• **Work order**: From the entries below, output the line with "using W'(1) A by simp" and each following line up to and including the line with "using Suc.IH[OF _ B] by blast", exactly as written.

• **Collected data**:
══════════

lemma orthogonal_congruence_eigenvector:
  assumes W: "W \<in> orthogonal_mats n" and A: "A \<in> carrier_mat n n" and "0 < n"
    and Aw: "A *\<^sub>v col W 0 = e \<cdot>\<^sub>v col W 0"
  shows "(transpose_mat W * A * W) *\<^sub>v unit_vec n 0 = e \<cdot>\<^sub>v unit_vec n 0"
proof -
  note W' = orthogonal_matsD[OF W]
  have We: "W *\<^sub>v unit_vec n 0 = col W 0"
    by (rule eq_vecI) (use W'(1) \<open>0 < n\<close> in auto)
  have "(transpose_mat W * A * W) *\<^sub>v unit_vec n 0 = transpose_mat W *\<^sub>v (A *\<^sub>v col W 0)"
    using W'(1) A by (simp add: assoc_mult_mat_vec[of _ n n _ n] We[symmetric])
  also have "\<dots> = e \<cdot>\<^sub>v (transpose_mat W *\<^sub>v (W *\<^sub>v unit_vec n 0))"
    using W'(1) by (simp add: Aw We mult_mat_vec[of _ n n] carrier_vecI)
  also have "transpose_mat W *\<^sub>v (W *\<^sub>v unit_vec n 0) = unit_vec n 0"
    using W' by (simp add: assoc_mult_mat_vec[symmetric, of _ n n _ n])
  finally show ?thesis .
qed

lemma congruence_block_diag_mat:
  fixes A W :: "'a::comm_ring_1 mat"
  assumes W: "W \<in> carrier_mat (a + b) (a + b)" and A: "A \<in> carrier_mat (a + b) (a + b)"
    and C: "C \<in> carrier_mat a a" and B: "B \<in> carrier_mat b b" and P: "P \<in> carrier_mat b b"
    and WAW: "transpose_mat W * A * W = block_diag_mat C B"
  shows "transpose_mat (W * block_diag_mat (1\<^sub>m a) P) * A * (W * block_diag_mat (1\<^sub>m a) P)
    = block_diag_mat C (transpose_mat P * B * P)"
proof -
  let ?E = "block_diag_mat (1\<^sub>m a) P"
  have E: "?E \<in> carrier_mat (a + b) (a + b)"
    using P by (simp add: block_diag_mat_carrier)
  have "transpose_mat (W * ?E) = transpose_mat ?E * transpose_mat W"
    by (rule transpose_mult[OF W E])
  then have "transpose_mat (W * ?E) * A * (W * ?E) = transpose_mat ?E * (transpose_mat W * A * W) * ?E"
    using W E A by (simp add: assoc_mult_mat[of _ "a + b" "a + b" _ "a + b" _ "a + b"])
  also have "\<dots> = block_diag_mat C (transpose_mat P * B * P)"
    unfolding WAW using C B P
    by (simp add: transpose_block_diag_mat[of _ a _ b] mult_block_diag_mat[of _ a _ _ b])
  finally show ?thesis .
qed

theorem sym_mat_orthogonal_diagonalization:
  fixes A :: "real mat"
  assumes "A \<in> carrier_mat n n" "transpose_mat A = A"
  obtains P D where "P \<in> orthogonal_mats n" "D \<in> carrier_mat n n" "diagonal_mat D"
    "transpose_mat P * A * P = D"
  using assms
proof (induction n arbitrary: A thesis)
  case 0
  show ?case
    by (rule "0.prems"(1)[of "1\<^sub>m 0" A]) (use "0.prems" in \<open>auto simp: one_mat_orthogonal diagonal_mat_def\<close>)
next
  case (Suc m)
  note A = Suc.prems(2) and sym = Suc.prems(3)
  obtain e where "eigenvalue A e"
    using sym_mat_has_eigenvalue[OF A sym] by blast
  then obtain v where v: "v \<in> carrier_vec (Suc m)" "v \<noteq> 0\<^sub>v (Suc m)" and Av: "A *\<^sub>v v = e \<cdot>\<^sub>v v"
    unfolding eigenvalue_def eigenvector_def using A by auto
  obtain W where W: "W \<in> orthogonal_mats (Suc m)" and W0: "col W 0 = vec_normalize v"
    using orthogonal_completion[OF v] by blast
  note W' = orthogonal_matsD[OF W]
  have "A *\<^sub>v col W 0 = e \<cdot>\<^sub>v col W 0"
    using A v Av unfolding W0 vec_normalize_def by (simp add: mult_mat_vec smult_smult_assoc mult.commute)
  then have "(transpose_mat W * A * W) *\<^sub>v unit_vec (Suc m) 0 = e \<cdot>\<^sub>v unit_vec (Suc m) 0"
    by (intro orthogonal_congruence_eigenvector[OF W A]) auto
  moreover have "transpose_mat W * A * W \<in> carrier_mat (Suc m) (Suc m)"
    using W'(1) A by simp
  ultimately obtain B where B: "B \<in> carrier_mat m m" "transpose_mat B = B"
    and WAW: "transpose_mat W * A * W = block_diag_mat (mat 1 1 (\<lambda>_. e)) B"
    using sym_mat_split_first_eigenvector congruence_preserves_sym[OF A W'(1) sym] by metis
  obtain P D where P: "P \<in> orthogonal_mats m" and D: "D \<in> carrier_mat m m" "diagonal_mat D"
    and PBP: "transpose_mat P * B * P = D"
    using Suc.IH[OF _ B] by blast
  have "transpose_mat (W * block_diag_mat (1\<^sub>m 1) P) * A * (W * block_diag_mat (1\<^sub>m 1) P)
      = block_diag_mat (mat 1 1 (\<lambda>_. e)) (transpose_mat P * B * P)"
    by (rule congruence_block_diag_mat) (use W'(1) A B orthogonal_matsD(1)[OF P] WAW in auto)
  then have "transpose_mat (W * block_diag_mat (1\<^sub>m 1) P) * A * (W * block_diag_mat (1\<^sub>m 1) P)
      = block_diag_mat (mat 1 1 (\<lambda>_. e)) D"
    unfolding PBP .
  moreover have "W * block_diag_mat (1\<^sub>m 1) P \<in> orthogonal_mats (Suc m)"
    using orthogonal_mats_mult[OF W] orthogonal_mats_block_diag[OF one_mat_orthogonal[of 1] P] by simp
  moreover have "block_diag_mat (mat 1 1 (\<lambda>_. e)) D \<in> carrier_mat (Suc m) (Suc m)"
    using block_diag_mat_carrier[of "mat 1 1 (\<lambda>_. e)" 1 D m] D by simp
  moreover have "diagonal_mat (block_diag_mat (mat 1 1 (\<lambda>_. e)) D)"
    by (rule diagonal_block_diag_mat[of _ 1 _ m]) (use D in \<open>auto simp: diagonal_mat_def\<close>)
  ultimately show ?case
    using Suc.prems(1) by blast
qed

section \<open>Quadratic forms\<close>

lemma mat_kernel_nontrivial:
  fixes A :: "'a::field mat"
  assumes A: "A \<in> carrier_mat nr nc" and wide: "nr < nc"
  obtains v where "v \<in> carrier_vec nc" "v \<noteq> 0\<^sub>v nc" "A *\<^sub>v v = 0\<^sub>v nr"
proof -
  obtain C where gj: "gauss_jordan_single A = C" by auto
  from gauss_jordan_single[OF A gj] obtain P Q where CPA: "C = P * A" and QP: "Q * P = 1\<^sub>m nr"
    and P: "P \<in> carrier_mat nr nr" and Q: "Q \<in> carrier_mat nr nr" and C: "C \<in> carrier_mat nr nc"
    and ref: "row_echelon_form C" by auto
  note base = find_base_vectors[OF ref C]
  have "card {i. i < nr \<and> row C i \<noteq> 0\<^sub>v nc} \<le> card {..<nr}"
    by (rule card_mono) auto
  then have "card (set (find_base_vectors C)) > 0"
    using base(4) wide by auto
  then obtain v where v: "v \<in> set (find_base_vectors C)"
    by (metis card.empty ex_in_conv less_irrefl)
  have "mat_kernel C = mat_kernel A"
    unfolding CPA by (rule mat_kernel_mult_eq[OF A P Q QP])
  with base(1) v have "v \<in> mat_kernel A" by auto
  moreover have "v \<noteq> 0\<^sub>v nc" using base(2) v by metis
  ultimately show ?thesis
    using that mat_kernelD[OF A] by blast
qed

lemma exists_nonzero_orthogonal_vec:
  fixes rs :: "'a::field vec list"
  assumes rs: "set rs \<subseteq> carrier_vec n" and few: "length rs < n"
  obtains w where "w \<in> carrier_vec n" "w \<noteq> 0\<^sub>v n" "\<forall>r\<in>set rs. r \<bullet> w = 0"
proof -
  obtain w where w: "w \<in> carrier_vec n" "w \<noteq> 0\<^sub>v n" and Mw: "mat_of_rows n rs *\<^sub>v w = 0\<^sub>v (length rs)"
    using mat_kernel_nontrivial[OF mat_of_rows_carrier(1) few] by blast
  have "r \<bullet> w = 0" if "r \<in> set rs" for r
  proof -
    from that obtain j where j: "j < length rs" "r = rs ! j"
      by (auto simp: in_set_conv_nth)
    then have "rs ! j \<in> carrier_vec n"
      using rs by auto
    then show ?thesis
      using arg_cong[OF Mw, of "\<lambda>x. x $ j"] j by simp
  qed
  then show ?thesis
    using that w by blast
qed

lemma quadratic_form_congruence:
  fixes A P :: "'a::comm_ring_1 mat"
  assumes A: "A \<in> carrier_mat n n" and P: "P \<in> carrier_mat n m" and w: "w \<in> carrier_vec m"
  shows "(P *\<^sub>v w) \<bullet> (A *\<^sub>v (P *\<^sub>v w)) = w \<bullet> ((transpose_mat P * A * P) *\<^sub>v w)"
proof -
  have "(transpose_mat P * A * P) *\<^sub>v w = (transpose_mat P * A) *\<^sub>v (P *\<^sub>v w)"
    by (rule assoc_mult_mat_vec) (use A P w in auto)
  also have "\<dots> = transpose_mat P *\<^sub>v (A *\<^sub>v (P *\<^sub>v w))"
    by (rule assoc_mult_mat_vec) (use A P w in auto)
  finally have "w \<bullet> ((transpose_mat P * A * P) *\<^sub>v w) = (transpose_mat P *\<^sub>v (A *\<^sub>v (P *\<^sub>v w))) \<bullet> w"
    using A P w by (simp add: comm_scalar_prod[of w m])
  also have "\<dots> = (P *\<^sub>v w) \<bullet> (A *\<^sub>v (P *\<^sub>v w))"
    using transpose_vec_mult_scalar[OF P w, of "A *\<^sub>v (P *\<^sub>v w)"] A P w
    by (simp add: comm_scalar_prod[of "P *\<^sub>v w" n])
  finally show ?thesis ..
qed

══════════

• **Answer for the task**:
    using W'(1) A by simp
  ultimately obtain B where B: "B \<in> carrier_mat m m" "transpose_mat B = B"
    and WAW: "transpose_mat W * A * W = block_diag_mat (mat 1 1 (\<lambda>_. e)) B"
    using sym_mat_split_first_eigenvector congruence_preserves_sym[OF A W'(1) sym] by metis
  obtain P D where P: "P \<in> orthogonal_mats m" and D: "D \<in> carrier_mat m m" "diagonal_mat D"
    and PBP: "transpose_mat P * B * P = D"
    using Suc.IH[OF _ B] by blast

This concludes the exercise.